WPP has rediscovered its appetite for acquisitions, according to the chief executive who has sought to repair the advertising group’s finances and make it fit for the digital age.
Mark Read told the Financial Times that WPP, built through two-decades of relentless dealmaking under his predecessor, Martin Sorrell, was once again looking for buying opportunities with replenished firepower.
“A house is built on firm foundations,” said Mr Read. “Our foundations today are much firmer than they were two years ago. We are simpler. Our balance sheet is in better shape. Actually, it is time to start to look at how we grow and where we need to invest.”
Mr Read launched a three-year turnround plan for WPP in late 2018, after Sir Martin’s acrimonious exit from the sprawling holding company that was loaded with debt and struggling with the digital transition. Sir Martin has since repeatedly said WPP, the world’s biggest advertising holding company by sales, is “past its sell-by date” and should be broken up.
Mr Read declined to talk about his predecessor and pointed to his own achievements — reducing net debt from £5.2bn to as low as £1.5bn last year and crunching together agencies such as J Walter Thompson and Wunderman, which reduced WPP’s brands “from 485 to closer to 250”.
Significant acquisitions would be a further milestone. “We don’t just want to make the business bigger, we want to really focus acquisitions in the areas that can differentiate our offer and provide something distinct,” said the chief executive, who bought Velvet, a French customer experience consulting group last month.
“We don’t want to buy a fourth public relations firm in Uruguay,” he added. “It is really . . . acquisitions we can make that bring us scale.”
Further details of the strategy are expected to be unveiled in a capital markets day in December, along with guidance on share buybacks and the company’s future dividend policy. WPP surprised markets in August by restarting dividend payments that were suspended to cope with the pandemic.
Mr Read’s challenge is to win back investors who think agency holding groups are struggling with multiple structural tests: cost-cutting and clients taking business in-house, competition from consultancies such as Accenture, and waning clout as middlemen in digital ad markets dominated by Google and Facebook.
WPP’s share price is 65 per cent lower than its 2017 peak, and has fallen more than a third since the pandemic battered the economy. The three-year decline is a more severe than at rivals such as Omnicom and Publicis.
Meanwhile, investors have flocked to the simpler growth story of adtech providers such as The Trade Desk, which this year has soared to almost three times WPP’s market value on a tiny fraction of its revenues.
The £2bn market capitalisation of Sir Martin’s S4 Capital, a digital-only advertising group, is almost a quarter of WPP’s value even though it generated less than three per cent of its £12.4bn sales in the year to June 30.
Mr Read’s pitch is that WPP has combined its traditional creative strength with the tech expertise to build ecommerce platforms for clients such as Sainsbury’s, and become the single biggest integrator of Adobe's software. “Our goal is to be to revenue growth what Accenture is to cost reduction,” he said.

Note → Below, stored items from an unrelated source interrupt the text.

(* Let $m\ge2$ and $K^*>m$ be integers, set $L=K^*-m+1$, and let $\tau^s>1$. For $r\in[0,1]$ let $$f(r)=\frac{K^*!}{L!\,(m-2)!}\,r^{L}(1-r)^{m-2},$$ for $x\ge0$ and integers $l\ge1$ let $G_l(x)=e^{-x}\sum_{n=0}^{l-1}\frac{x^n}{n!}$, and for $c\ge0$ define $$P_d^s(c)=\int_0^{1/\tau^s}f(r)\,dr+\int_{1/\tau^s}^{1}f(r)\Big[1-\frac{1}{(r\tau^s)^{L}}\sum_{l=1}^{L}\binom{L}{l}(r\tau^s-1)^{l}\,G_l\!\big(c/\tau^s\big)\Big]dr .$$ Then $P_d^s$ is a strictly increasing function of $c$ on $[0,\infty)$.
   Context: In the paper, $P_d^s(c)$ is the detection probability of the adaptive detector $z^T\big(\sum_{k^*=-K^*}^{-1}z(k^* )z(k^* )^T\big)^{-1}z\gtrless\tau^s-1$ built from $K^*$ secondary residual samples, $m$ is the residual dimension, and $c=c_i^p(k)=a_i^T(k-1)\Sigma_{z_i^p}^{-1}a_i(k-1)$ is the non-centrality parameter induced by the attack. *)

theory Defs
  imports "HOL-Analysis.Analysis"
begin

definition dens :: "nat \<Rightarrow> nat \<Rightarrow> real \<Rightarrow> real" where
  "dens m Ks r = fact Ks / (fact (Ks - m + 1) * fact (m - 2)) * r ^ (Ks - m + 1) * (1 - r) ^ (m - 2)"

definition G :: "nat \<Rightarrow> real \<Rightarrow> real" where
  "G l x = exp (- x) * (\<Sum>n<l. x ^ n / fact n)"

definition Pds :: "nat \<Rightarrow> nat \<Rightarrow> real \<Rightarrow> real \<Rightarrow> real" where
  "Pds m Ks tau c =
     (let L = Ks - m + 1 in
      integral {0..1/tau} (dens m Ks)
      + integral {1/tau..1} (\<lambda>r. dens m Ks r *
          (1 - 1 / (r * tau) ^ L *
               (\<Sum>l=1..L. real (L choose l) * (r * tau - 1) ^ l * G l (c / tau)))))"

end

theory Submission
  imports Defs
begin

text \<open>For \<open>l \<ge> 1\<close>, \<open>G l x\<close> is the probability that a Poisson(\<open>x\<close>) variable is smaller than \<open>l\<close>;
its derivative is \<open>-e\<^sup>-\<^sup>x x\<^sup>l\<^sup>-\<^sup>1/(l-1)!\<close>, so it strictly decreases on \<open>[0,\<infinity>)\<close>. For
\<open>1/\<tau> < r < 1\<close> the density and the weights \<open>binom L l (r\<tau>-1)\<^sup>l/(r\<tau>)\<^sup>L\<close> are positive, hence the
integrand of the second integral strictly increases with \<open>c\<close>, while the first integral does not
depend on \<open>c\<close> at all.\<close>

lemma exp_partial_sum_has_real_derivative:
  "((\<lambda>x::real. \<Sum>n<Suc k. x ^ n / fact n) has_real_derivative (\<Sum>n<k. x ^ n / fact n)) (at x)"
proof (induction k)
  case 0
  then show ?case by simp
next
  case (Suc k)
  have "((\<lambda>x::real. x ^ Suc k / fact (Suc k)) has_real_derivative
          real (Suc k) * x ^ k / fact (Suc k)) (at x)"
    by (intro DERIV_cdivide) (use DERIV_pow[of "Suc k" x] in simp)
  also have "real (Suc k) * x ^ k / fact (Suc k) = x ^ k / fact k"
    by (simp add: fact_Suc del: of_nat_Suc)
  finally have "((\<lambda>x::real. x ^ Suc k / fact (Suc k)) has_real_derivative x ^ k / fact k) (at x)" .
  from DERIV_add[OF Suc this] show ?case by simp
qed

lemma G_Suc_has_real_derivative:
  "(G (Suc k) has_real_derivative - exp (- x) * x ^ k / fact k) (at x)"
proof -
  have "((\<lambda>x::real. exp (- x)) has_real_derivative - exp (- x)) (at x)"
    by (auto intro!: derivative_eq_intros)
  from DERIV_mult[OF this exp_partial_sum_has_real_derivative[of k x]]
  show ?thesis
    unfolding G_def[abs_def] by (simp add: algebra_simps)
qed

lemma continuous_on_G: "continuous_on A (G l)"
  unfolding G_def[abs_def] by (intro continuous_intros) auto

lemma G_strict_antimono:
  assumes "l \<ge> 1" "0 \<le> x" "x < y"
  shows "G l y < G l x"
proof -
  obtain k where l: "l = Suc k"
    using assms(1) by (cases l) auto
  show ?thesis
    unfolding l
  proof (rule DERIV_neg_imp_decreasing_open[OF assms(3)])
    fix t assume "x < t" "t < y"
    with assms have "- exp (- t) * t ^ k / fact k < 0"
      by (simp add: divide_neg_pos)
    then show "\<exists>d. (G (Suc k) has_real_derivative d) (at t) \<and> d < 0"
      using G_Suc_has_real_derivative by blast
  qed (rule continuous_on_G)
qed

lemma dens_pos: "0 < r \<Longrightarrow> r < 1 \<Longrightarrow> 0 < dens m Ks r"
  unfolding dens_def by simp

lemma continuous_on_dens: "continuous_on A (dens m Ks)"
  unfolding dens_def[abs_def] by (intro continuous_intros)

definition cond_miss :: "nat \<Rightarrow> real \<Rightarrow> real \<Rightarrow> real \<Rightarrow> real" where
  "cond_miss L tau c r =
     1 / (r * tau) ^ L * (\<Sum>l=1..L. real (L choose l) * (r * tau - 1) ^ l * G l (c / tau))"

lemma Pds_eq_cond_miss:
  "Pds m Ks tau c = integral {0..1/tau} (dens m Ks)
     + integral {1/tau..1} (\<lambda>r. dens m Ks r * (1 - cond_miss (Ks - m + 1) tau c r))"
  unfolding Pds_def cond_miss_def Let_def ..

lemma continuous_on_cond_miss:
  assumes "tau \<noteq> 0" "0 \<notin> S"
  shows "continuous_on S (cond_miss L tau c)"
proof -
  have "(r * tau) ^ L \<noteq> 0" if "r \<in> S" for r
    using assms that by auto
  then show ?thesis
    unfolding cond_miss_def[abs_def]
    by (intro continuous_intros continuous_on_G) auto
qed

lemma cond_miss_strict_antimono:
  assumes "L \<ge> 1" "tau > 0" "r * tau > 1" "0 \<le> c1" "c1 < c2"
  shows "cond_miss L tau c2 r < cond_miss L tau c1 r"
proof -
  have "(\<Sum>l=1..L. real (L choose l) * (r * tau - 1) ^ l * G l (c2 / tau))
      < (\<Sum>l=1..L. real (L choose l) * (r * tau - 1) ^ l * G l (c1 / tau))"
  proof (rule sum_strict_mono)
    fix l assume l: "l \<in> {1..L}"
    then have "G l (c2 / tau) < G l (c1 / tau)"
      using assms by (intro G_strict_antimono) (auto simp: divide_strict_right_mono)
    moreover have "0 < real (L choose l) * (r * tau - 1) ^ l"
      using l assms(3) by auto
    ultimately show "real (L choose l) * (r * tau - 1) ^ l * G l (c2 / tau)
        < real (L choose l) * (r * tau - 1) ^ l * G l (c1 / tau)"
      by (rule mult_strict_left_mono)
  qed (use assms(1) in auto)
  moreover have "0 < 1 / (r * tau) ^ L"
    using assms(3) by simp
  ultimately show ?thesis
    unfolding cond_miss_def by (rule mult_strict_left_mono)
qed

theorem proposition1:
  fixes m Ks :: nat and tau :: real
  assumes "m \<ge> 2" and "Ks > m" and "tau > 1"
  shows "strict_mono_on {0..} (Pds m Ks tau)"
proof (rule strict_mono_onI)
  fix c1 c2 :: real
  assume "c1 \<in> {0..}" "c2 \<in> {0..}" "c1 < c2"
  let ?g = "\<lambda>c r. dens m Ks r * (1 - cond_miss (Ks - m + 1) tau c r)"
  have "0 < 1 / tau" "1 / tau < 1"
    using assms(3) by auto
  then have cont: "continuous_on {1/tau..1} (?g c)" for c
    by (intro continuous_intros continuous_on_dens continuous_on_cond_miss) auto
  have "?g c1 r < ?g c2 r" if "r \<in> {1/tau<..<1}" for r
  proof -
    have "0 < r"
      using that \<open>0 < 1 / tau\<close> by (meson greaterThanLessThan_iff less_trans)
    have "1 < r * tau"
      using that assms(3) by (auto simp: divide_less_eq)
    with \<open>0 < r\<close> that \<open>c1 \<in> {0..}\<close> \<open>c1 < c2\<close> assms(3) show ?thesis
      by (intro mult_strict_left_mono dens_pos) (auto intro: cond_miss_strict_antimono)
  qed
  then have "integral {1/tau..1} (?g c1) < integral {1/tau..1} (?g c2)"
    using \<open>1 / tau < 1\<close> by (intro integral_less_real cont) auto
  then show "Pds m Ks tau c1 < Pds m Ks tau c2"
    unfolding Pds_eq_cond_miss by simp
qed

end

He hit back at criticism from Sir Martin, who has called traditional agencies “an albatross around his neck . . . that will probably choke him” and questioned the decision to sell the data business Kantar.

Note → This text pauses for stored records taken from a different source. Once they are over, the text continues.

lemma brownian_prod_powr_moment_le:
  fixes \<beta> \<tau> q :: real
  assumes M: "prob_space M" and BM: "is_brownian_motion M F W"
    and \<tau>: "0 < \<tau>" and q: "0 < q" "q \<le> 1/4"
  shows "integrable M (\<lambda>\<omega>. (\<Prod>j<n. \<bar>1 + \<beta> * grid_increment W \<tau> j \<omega>\<bar>) powr q)
    \<and> (\<integral>\<omega>. (\<Prod>j<n. \<bar>1 + \<beta> * grid_increment W \<tau> j \<omega>\<bar>) powr q \<partial>M)
        \<le> (1 - q*(1 - 2*q)/2 * \<beta>^2 * \<tau> + 3 * quartic_coeff q * \<beta>^4 * \<tau>^2) ^ n"
proof -
  interpret prob_space M by (rule M)
  define Z where "Z j = (\<lambda>\<omega>. \<bar>1 + \<beta> * grid_increment W \<tau> j \<omega>\<bar> powr q)" for j
  have sqrt_\<tau>: "sqrt \<tau> ^ 2 = \<tau>" "sqrt \<tau> ^ 4 = \<tau>^2"
    using \<tau> by (simp_all add: power4_eq_xxxx power2_eq_square)
  have Z_int: "integrable M (Z j)"
    and Z_mean: "expectation (Z j) \<le> 1 - q*(1 - 2*q)/2 * \<beta>^2 * \<tau> + 3 * quartic_coeff q * \<beta>^4 * \<tau>^2" for j
    using normal_abs_one_plus_powr_moment[OF grid_increment_normal[OF BM \<tau>] _ q, of \<beta>] \<tau>
    by (simp_all add: Z_def sqrt_\<tau>)
  have Z_adapted: "Z j \<in> borel_measurable (F (real (Suc j) * \<tau>))" for j
    using grid_increment_adapted[OF BM \<tau>] unfolding Z_def by measurable
  have Z_indep: "indep_set (sets (F (real j * \<tau>)))
      (sigma_sets (space M) {Z j -` A \<inter> space M | A. A \<in> sets borel})" for j
  proof (rule indep_set_mono[OF grid_increment_indep[OF BM \<tau>] order_refl])
    have "grid_increment W \<tau> j \<in> borel_measurable (vimage_algebra (space M) (grid_increment W \<tau> j) borel)"
      by (rule measurable_vimage_algebra1) simp
    then have "Z j \<in> borel_measurable (vimage_algebra (space M) (grid_increment W \<tau> j) borel)"
      unfolding Z_def by measurable
    from sigma_sets_vimage_subset[OF this]
    show "sigma_sets (space M) {Z j -` A \<inter> space M | A. A \<in> sets borel}
        \<subseteq> sets (vimage_algebra (space M) (grid_increment W \<tau> j) borel)" by simp
  qed
  have "integrable M (\<lambda>\<omega>. \<Prod>j<n. Z j \<omega>) \<and> expectation (\<lambda>\<omega>. \<Prod>j<n. Z j \<omega>)
      \<le> (1 - q*(1 - 2*q)/2 * \<beta>^2 * \<tau> + 3 * quartic_coeff q * \<beta>^4 * \<tau>^2) ^ n"
  proof (rule integral_prod_indep_adapted_le[where G="\<lambda>n. F (real n * \<tau>)"])
    show "subalgebra M (F (real n * \<tau>))" for n
      by (rule brownian_motion_subalgebra[OF BM])
    show "sets (F (real n * \<tau>)) \<subseteq> sets (F (real (Suc n) * \<tau>))" for n
      using \<tau> by (intro brownian_motion_sets_mono[OF BM]) simp
    show "0 \<le> Z n \<omega>" for n \<omega>
      by (simp add: Z_def)
  qed (rule Z_adapted Z_indep Z_int Z_mean)+
  then show ?thesis
    by (simp add: Z_def prod_powr_distrib)
qed
lemma inH_eventually_deriv:
  assumes "inH f"
  shows "\<forall>\<^sub>F t in at_top. (f has_real_derivative deriv f t) (at t)"
proof -
  obtain f0 where f0: "f0 \<in> H" "germ_eq f f0"
    using assms by (rule in_germsE)
  then obtain a where "Cn_on 1 {a<..} f0"
    using hardy unfolding hardy_field_def C_inf_def by blast
  then have "\<forall>\<^sub>F t in at_top. (f0 has_real_derivative deriv f0 t) (at t)"
    unfolding Cn_on_def eventually_at_top_linorder
    by (auto intro!: exI[of _ "a + 1"] simp: DERIV_deriv_iff_real_differentiable)
  then show ?thesis
    using f0(2) by (rule germ_eq_has_real_derivative[rotated])
qed

lemma inH_eventually_nonzero:
  assumes "inH f" "\<not> germ_eq f (\<lambda>_. 0)"
  shows "\<forall>\<^sub>F t in at_top. f t \<noteq> 0"
proof -
  obtain f0 where f0: "f0 \<in> H" "germ_eq f f0"
    using assms(1) by (rule in_germsE)
  have "\<not> germ_eq f0 (\<lambda>_. 0)"
    using assms(2) f0(2) germ_eq_trans by blast
  then obtain g where "germ_eq (\<lambda>t. f0 t * g t) (\<lambda>_. 1)"
    using hardy f0(1) unfolding hardy_field_def by blast
  then show ?thesis
    using f0(2) unfolding germ_eq_def by (auto elim: eventually_elim2)
qed

lemma inH_eventually_sign:
  assumes "inH f"
  obtains s :: real where "s = 1 \<or> s = -1" "\<forall>\<^sub>F t in at_top. s * f t \<ge> 0"
proof (cases "germ_eq f (\<lambda>_. 0)")
  case True
  then have "\<forall>\<^sub>F t in at_top. 1 * f t \<ge> 0"
    unfolding germ_eq_def by (auto elim: eventually_mono)
  then show ?thesis
    using that by blast
next
  case False
  have "\<forall>\<^sub>F t in at_top. isCont f t"
    using inH_eventually_deriv[OF assms] by (auto elim: eventually_mono intro: DERIV_isCont)
  then have "(\<forall>\<^sub>F t in at_top. f t > 0) \<or> (\<forall>\<^sub>F t in at_top. f t < 0)"
    using inH_eventually_nonzero[OF assms False] by (rule eventually_pos_or_neg_if_continuous_nonzero)
  then show ?thesis
  proof
    assume "\<forall>\<^sub>F t in at_top. f t > 0"
    then have "\<forall>\<^sub>F t in at_top. 1 * f t \<ge> 0" by (auto elim: eventually_mono)
    then show ?thesis using that by blast
  next
    assume "\<forall>\<^sub>F t in at_top. f t < 0"
    then have "\<forall>\<^sub>F t in at_top. -1 * f t \<ge> 0" by (auto elim: eventually_mono)
    then show ?thesis using that by blast
  qed
qed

“We don’t have departments of people that just do linear television commercials any more,” he said. “In the first half [of 2020] around 40 per cent of our billings were in digital, but more than 40 per cent of our fees came from digital media.”
Mr Read stressed his record of winning ad business from tech groups: WPP won an Uber pitch this year and counts Google as its second-biggest client. As a media buyer, WPP is also Google's biggest single source of revenue.
“If a client spends £100 on TV, we would historically make £3. If a client spends £100 on Google, we may make £5 or £6 because it’s more complicated to manage Google than it is to manage TV. Shifting the budget from TV to Google is not a bad thing [for WPP],” he said.
He added that last year WPP’s “billings on Google, Facebook, Amazon were more than $10bn — they grew 15 per cent. That is a growth driver for our business.”
Mr Read said the worst declines in ad spending were “behind us” and expected a strong rebound that would bring WPP back to positive sales growth next year.
But after suffering a 15.1 per cent fall in second-quarter revenues, he expected it would be 2022 before the company regained lost ground from the pandemic. Clients were returning to ad spending, he said, but remained “nervous”.